Reza o conceito democrático que metade mais um dos votos válidos de uma eleição, habitualmente conhecido como maioria simples, confere ao candidato escolhido a condição de vencedor. Mais do que consensual, o método é matemático e vale como regra, já que não há outra forma de estabelecer um referencial quando se trata de alçar um cidadão comum a um cargo público, principalmente quando se trata da presidência da República. Dilma Rouseff venceu sim, mas não com esmagadora maioria dos votos, o que limita a questão do consenso. Em uma eleição marcada por difamações, cinismo e troca de farpas, a história registra mais uma vez a derrota do candidato Serra, desta feita para aquela que será a primeira presidente mulher deste país.
Os números comprovam a divisão do eleitor brasileiro, não apenas no que diz respeito a escolha do candidato, mas no aspecto sócio-econômico: Serra teve maioria no Sul e em São Paulo, principal colégio eleitoral do país; Dilma venceu com ampla vantagem em todo o Norte/ Nordeste e em Minas, outro colégio de expressão. Não é preciso ser nenhuma assumidade para saber que a vitória de Dilma (uma completa desconhecida do público leigo antes de assumir o ministério de minas e energia e depois a chefia da casa civil) decorre da gestão Lula, que em seus 8 anos de governo equilibrou a distribuição de renda e melhorou as condições de vida das populações menos favorecidas. Nesse ponto, é inquestionável a atuação do mandatário da república.
O que aconteceu depois é uma outra história. Lula confundiu a figura de presidente com suas ambições pessoais e, mal assessorado, caiu na besteira de apoiar governos totalitários como o Irã, a Venezuela ou Cuba e deu adeus às suas ambições internacionais. Deu apoio à sarney na crise do congresso, aceitou o apoio de collor, teceu críticas à situações que não lhe diziam respeito como um cidadão comum, não como um estadista (não esqueci do mensalão, mas não vou mencioná-lo porque não se trata de um invento do PT, embora tenha ganho dimensões extraordinárias sob sua gestão). Mesmo a escolha de Dilma, antes de ser um consenso do partido que o elegeu, é outra decisão pessoal. Com tantas "estrelas" a brilhar em seu partido, como bem lembrou Ferreira Gullar na Folha deste domingo, a escolha de Dilma deve-se, possivelmente, ao desejo do presidente em se reeleger na disputa de 2014. Tudo dependerá de como Dilma conduzirá a questão até lá.

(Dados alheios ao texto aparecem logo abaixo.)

section \<open>Counting paths and Poisson weights\<close>

lemma right_continuous_nat_eventually_const:
  fixes f :: "real \<Rightarrow> nat"
  assumes "continuous (at_right t) (\<lambda>s. real (f s))"
  shows "\<forall>\<^sub>F s in at_right t. f s = f t"
proof -
  have "\<forall>\<^sub>F s in at_right t. dist (real (f s)) (real (f t)) < 1"
    using assms by (intro tendstoD) (simp_all add: continuous_within)
  then show ?thesis
    by eventually_elim (simp add: dist_real_def abs_less_iff; linarith)
qed

lemma measurable_counting_process_at_random_time:
  fixes N :: "real \<Rightarrow> 'a \<Rightarrow> nat"
  assumes mono: "\<And>\<omega> s t. \<omega> \<in> \<Omega> \<Longrightarrow> 0 \<le> s \<Longrightarrow> s \<le> t \<Longrightarrow> N s \<omega> \<le> N t \<omega>"
    and right_cont: "\<And>\<omega> t. \<omega> \<in> \<Omega> \<Longrightarrow> 0 \<le> t \<Longrightarrow> continuous (at_right t) (\<lambda>s. real (N s \<omega>))"
    and x[measurable]: "x \<in> borel_measurable S" and x_nonneg: "\<And>z. z \<in> space S \<Longrightarrow> 0 \<le> x z"
    and w: "\<And>z. z \<in> space S \<Longrightarrow> w z \<in> \<Omega>"
    and N_w: "\<And>q. 0 < q \<Longrightarrow> (\<lambda>z. N q (w z)) \<in> measurable S (count_space UNIV)"
  shows "(\<lambda>z. N (x z) (w z)) \<in> measurable S (count_space UNIV)"
proof -
  have rational_witness: "N (x z) (w z) \<le> k \<longleftrightarrow> (\<exists>q::rat. x z < of_rat q \<and> N (of_rat q) (w z) \<le> k)"
    if z: "z \<in> space S" for z k
  proof
    assume "N (x z) (w z) \<le> k"
    moreover obtain b where "x z < b" and b: "\<And>s. x z < s \<Longrightarrow> s < b \<Longrightarrow> N s (w z) = N (x z) (w z)"
      using right_continuous_nat_eventually_const[OF right_cont[OF w x_nonneg, OF z z]]
      unfolding eventually_at_right_field by blast
    moreover obtain q where "x z < of_rat q" "of_rat q < b"
      using of_rat_dense[OF \<open>x z < b\<close>] by blast
    ultimately show "\<exists>q::rat. x z < of_rat q \<and> N (of_rat q) (w z) \<le> k"
      by auto
  next
    assume "\<exists>q::rat. x z < of_rat q \<and> N (of_rat q) (w z) \<le> k"
    then show "N (x z) (w z) \<le> k"
      using mono[OF w x_nonneg, OF z z] by (auto intro: le_trans less_imp_le)
  qed
  have N_w_le: "{z\<in>space S. N (of_rat q) (w z) \<le> k} \<in> sets S" if "0 < q" for q k
    using measurable_sets[OF N_w[of "of_rat q"], of "{..k}"] that
    by (simp add: vimage_def Int_def conj_commute)
  have "{z\<in>space S. N (x z) (w z) \<le> k} =
      (\<Union>q\<in>{q. 0 < q}. {z\<in>space S. x z < of_rat q} \<inter> {z\<in>space S. N (of_rat q) (w z) \<le> k})" for k
    using rational_witness x_nonneg by (fastforce dest: le_less_trans)
  then have "(\<lambda>z. N (x z) (w z)) \<in> borel_measurable S"
    by (intro borel_measurableI_le) (auto intro!: sets.countable_UN' N_w_le)
  then show ?thesis
    by (simp add: measurable_cong_sets[OF refl sets_borel_eq_count_space])
qed

lemma sets_partial_sums_eq:
  fixes m :: nat
  assumes "finite C" "\<And>c. c \<in> C \<Longrightarrow> J c \<le> m"
  shows "{v \<in> space (PiM {..<m} (\<lambda>_. borel)). \<forall>c\<in>C. (\<Sum>i<J c. v i) = r c}
    \<in> sets (PiM {..<m} (\<lambda>_. borel :: real measure))"
proof (intro sets.sets_Collect_finite_All assms(1))
  fix c assume "c \<in> C"
  then have "(\<lambda>v. \<Sum>i<J c. v i) \<in> borel_measurable (PiM {..<m} (\<lambda>_. borel :: real measure))"
    using assms(2)[OF \<open>c \<in> C\<close>] by (intro borel_measurable_sum measurable_component_singleton) auto
  from measurable_sets[OF this, of "{r c}"]
  show "{v \<in> space (PiM {..<m} (\<lambda>_. borel)). (\<Sum>i<J c. v i) = r c} \<in> sets (PiM {..<m} (\<lambda>_. borel))"
    by (simp add: vimage_def Int_def conj_commute)
qed

lemma finite_times_partition:
  fixes X :: "real set"
  assumes "finite X" "X \<subseteq> {0..a}" "0 \<le> a" "a \<le> b"
  obtains ts :: "nat \<Rightarrow> real" and n :: nat and J :: "real \<Rightarrow> nat"
  where "0 < n" "ts 0 = 0" "ts (n - 1) = a" "ts n = b" "\<And>i. i < n \<Longrightarrow> ts i \<le> ts (Suc i)"
    "\<And>x. x \<in> X \<Longrightarrow> J x < n \<and> ts (J x) = x"
proof -
  define xs where "xs = sorted_list_of_set (insert 0 (insert a X))"
  define n where "n = length xs"
  define ts where "ts i = (if i < n then xs ! i else b)" for i
  have set_xs: "set xs = insert 0 (insert a X)" and sorted: "sorted xs"
    using assms(1) unfolding xs_def by (simp_all del: sorted_list_of_set_insert_remove)
  have xs_range: "0 \<le> xs ! i \<and> xs ! i \<le> a" if "i < n" for i
    using nth_mem[of i xs] that set_xs assms(2,3) by (auto simp: n_def)
  have "\<exists>j<n. xs ! j = x" if "x \<in> insert 0 (insert a X)" for x
    using that set_xs by (auto simp: n_def in_set_conv_nth)
  then obtain J where J: "\<And>x. x \<in> insert 0 (insert a X) \<Longrightarrow> J x < n \<and> xs ! J x = x"
    by metis
  have "0 < n" using J[of 0] by simp
  have mono: "xs ! i \<le> xs ! j" if "i \<le> j" "j < n" for i j
    using sorted_nth_mono[OF sorted that(1)] that(2) by (simp add: n_def)
  show thesis
  proof
    show "0 < n" by fact
    show "ts 0 = 0"
      using xs_range[OF \<open>0 < n\<close>] mono[of 0 "J 0"] J[of 0] by (simp add: ts_def \<open>0 < n\<close>)
    show "ts (n - 1) = a"
      using xs_range[of "n - 1"] mono[of "J a" "n - 1"] J[of a] \<open>0 < n\<close>
      by (simp add: ts_def) linarith
    show "ts n = b" by (simp add: ts_def)
    show "ts i \<le> ts (Suc i)" if "i < n" for i
      using mono[of i "Suc i"] xs_range[OF that] assms(4) that by (simp add: ts_def)
    show "J x < n \<and> ts (J x) = x" if "x \<in> X" for x
      using J[of x] that by (simp add: ts_def)
  qed
qed

lemma poisson_weights_sums: "(\<lambda>k. x ^ k / fact k * exp (- x)) sums (1::real)"
proof -
  have "(\<lambda>k. x ^ k / fact k * exp (- x)) sums (exp x * exp (- x))"
    using exp_converges[of x] by (intro sums_mult2) (simp add: divide_inverse_commute)
  then show ?thesis by (simp add: exp_minus)
qed

lemma abs_poisson_mean_le:
  fixes f :: "nat \<Rightarrow> real"
  assumes "0 \<le> x" and f: "\<And>k. \<bar>f k\<bar> \<le> B"
  shows "\<bar>\<Sum>k. f k * (x ^ k / fact k * exp (- x))\<bar> \<le> B"
proof -
  define p where "p k = x ^ k / fact k * exp (- x)" for k
  have p: "p sums 1" "\<And>k. 0 \<le> p k"
    unfolding p_def using poisson_weights_sums[of x] \<open>0 \<le> x\<close> by simp_all
  have bound: "\<bar>f k * p k\<bar> \<le> B * p k" for k
    using f[of k] p(2)[of k] by (simp add: abs_mult mult_right_mono)
  have summable: "summable (\<lambda>k. \<bar>f k * p k\<bar>)"
    using bound p(2) by (intro summable_comparison_test'[OF summable_mult[OF sums_summable[OF p(1)]]]) auto
  have "\<bar>\<Sum>k. f k * p k\<bar> \<le> (\<Sum>k. \<bar>f k * p k\<bar>)"
    by (rule summable_rabs[OF summable])
  also have "\<dots> \<le> (\<Sum>k. B * p k)"
    using bound summable sums_summable[OF p(1)] by (intro suminf_le summable_mult) auto
  also have "\<dots> = B"
    using sums_mult[OF p(1), of B] by (simp add: sums_iff)
  finally show ?thesis by (simp add: p_def)
qed

lemma poisson_cis_sums:
  "(\<lambda>k. cis (u * real k) * complex_of_real (x ^ k / fact k * exp (- x)))
     sums exp (complex_of_real x * (exp (\<i> * complex_of_real u) - 1))"
proof -
  define z where "z = complex_of_real x * cis u"
  have "(\<lambda>k. z ^ k /\<^sub>R fact k * complex_of_real (exp (- x))) sums (exp z * complex_of_real (exp (- x)))"
    by (rule sums_mult2[OF exp_converges])
  moreover have "z ^ k /\<^sub>R fact k * complex_of_real (exp (- x))
      = cis (u * real k) * complex_of_real (x ^ k / fact k * exp (- x))" for k
  proof -
    have "z ^ k = complex_of_real (x ^ k) * cis (real k * u)"
      by (simp add: z_def power_mult_distrib Complex.DeMoivre)
    then show ?thesis
      by (simp add: scaleR_conv_of_real divide_inverse ac_simps)
  qed
  moreover have "exp z * complex_of_real (exp (- x)) = exp (complex_of_real x * (exp (\<i> * complex_of_real u) - 1))"
    by (simp add: z_def cis_conv_exp algebra_simps exp_diff exp_minus divide_inverse flip: exp_of_real)
  ultimately show ?thesis by simp
qed

lemma poisson_cos_sums:
  "(\<lambda>k. cos (u * real k) * (x ^ k / fact k * exp (- x)))
     sums Re (exp (complex_of_real x * (exp (\<i> * complex_of_real u) - 1)))"
proof -
  have "Re (cis a * complex_of_real p) = cos a * p" for a p by simp
  then show ?thesis using sums_Re[OF poisson_cis_sums[of u x]] by (simp only:)
qed

lemma poisson_sin_sums:
  "(\<lambda>k. sin (u * real k) * (x ^ k / fact k * exp (- x)))
     sums Im (exp (complex_of_real x * (exp (\<i> * complex_of_real u) - 1)))"
proof -
  have "Im (cis a * complex_of_real p) = sin a * p" for a p by simp
  then show ?thesis using sums_Im[OF poisson_cis_sums[of u x]] by (simp only:)
qed

section \<open>Cumulative intensity and inverse subordinator\<close>

lemma cum_intensity_nonneg:
  assumes "\<And>x. 0 \<le> x \<Longrightarrow> 0 \<le> lam x"
  shows "0 \<le> cum_intensity lam t"
  unfolding cum_intensity_def set_lebesgue_integral_def
  by (rule integral_nonneg_AE) (use assms in \<open>auto simp: indicator_def\<close>)

lemma cum_intensity_mono:
  assumes "\<And>x. 0 \<le> x \<Longrightarrow> 0 \<le> lam x" and "\<And>t. 0 \<le> t \<Longrightarrow> set_integrable lborel {0..t} lam"
    and "s \<le> t"
  shows "cum_intensity lam s \<le> cum_intensity lam t"
proof (cases "t < 0")
  case True
  then show ?thesis using \<open>s \<le> t\<close> by (simp add: cum_intensity_def)
next
  case False
  then have t: "set_integrable lborel {0..t} lam" using assms(2) by simp
  moreover have "set_integrable lborel {0..s} lam"
    by (rule set_integrable_subset[OF t]) (use \<open>s \<le> t\<close> in auto)
  ultimately show ?thesis
    unfolding cum_intensity_def set_lebesgue_integral_def set_integrable_def
    using assms(1) \<open>s \<le> t\<close> by (intro integral_mono) (auto simp: indicator_def)
qed

lemma continuous_cum_intensity:
  assumes "\<And>t. 0 \<le> t \<Longrightarrow> set_integrable lborel {0..t} lam"
  shows "continuous_on UNIV (cum_intensity lam)"
  unfolding cum_intensity_def[abs_def] by (rule continuous_on_LBINT) (use assms in auto)

lemma inverse_subordinator_le:
  "0 \<le> u \<Longrightarrow> t < L u \<omega> \<Longrightarrow> inverse_subordinator L t \<omega> \<le> u"
  unfolding inverse_subordinator_def by (rule cInf_lower) (auto intro: bdd_belowI[of _ 0])

lemma inverse_subordinator_less_iff:
  assumes "\<exists>u\<ge>0. t < L u \<omega>"
  shows "inverse_subordinator L t \<omega> < x \<longleftrightarrow> (\<exists>u\<ge>0. u < x \<and> t < L u \<omega>)"
  using assms unfolding inverse_subordinator_def
  by (subst cInf_less_iff) (auto intro: bdd_belowI[of _ 0])

lemma inverse_subordinator_mono:
  assumes "\<exists>u\<ge>0. t' < L u \<omega>" and "t \<le> t'"
  shows "inverse_subordinator L t \<omega> \<le> inverse_subordinator L t' \<omega>"
  unfolding inverse_subordinator_def
  using assms by (intro cInf_superset_mono) (auto intro: bdd_belowI[of _ 0])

Dilma não representa, portanto, nenhum modelo de administração diferenciado que tenha gerado resultados expressivos ou ideias inovadoras. A "mãe do PAC" (Putz, Arranquei a Cortina!), pelo contrário, conta (ou contou) com gente em sua equipe incapaz de não confundir o público com o privado e é tão articulada no uso da língua portuguesa quanto um aluno de segundo grau. É, na prática, fruto do Lulismo, que conta com crédito suficiente junto à população para eleger um presidente, ainda que sua trajetória política não conte com nada de extraordinário. Eu, particularmente, não tenho nenhum apreço por figuras que se julgam superiores e que passam, em última instância, ares de prepotência e arrogância quando se dirigem a jornalistas ou ao público comum. Sei também que isso pouco importa. O que devemos cobrar são resultados, que passam pela continuidade da evolução econômica deste país e pelo saneamento do congresso, antro de bandidos e corruptos.
A votação expressiva de Lula, há oito anos, refletiu o desejo de mudança do povo. Dilma, hoje, significa sua continuidade. Eu e mais 190 milhões de brasileiros lhe desejamos sorte, Dilma.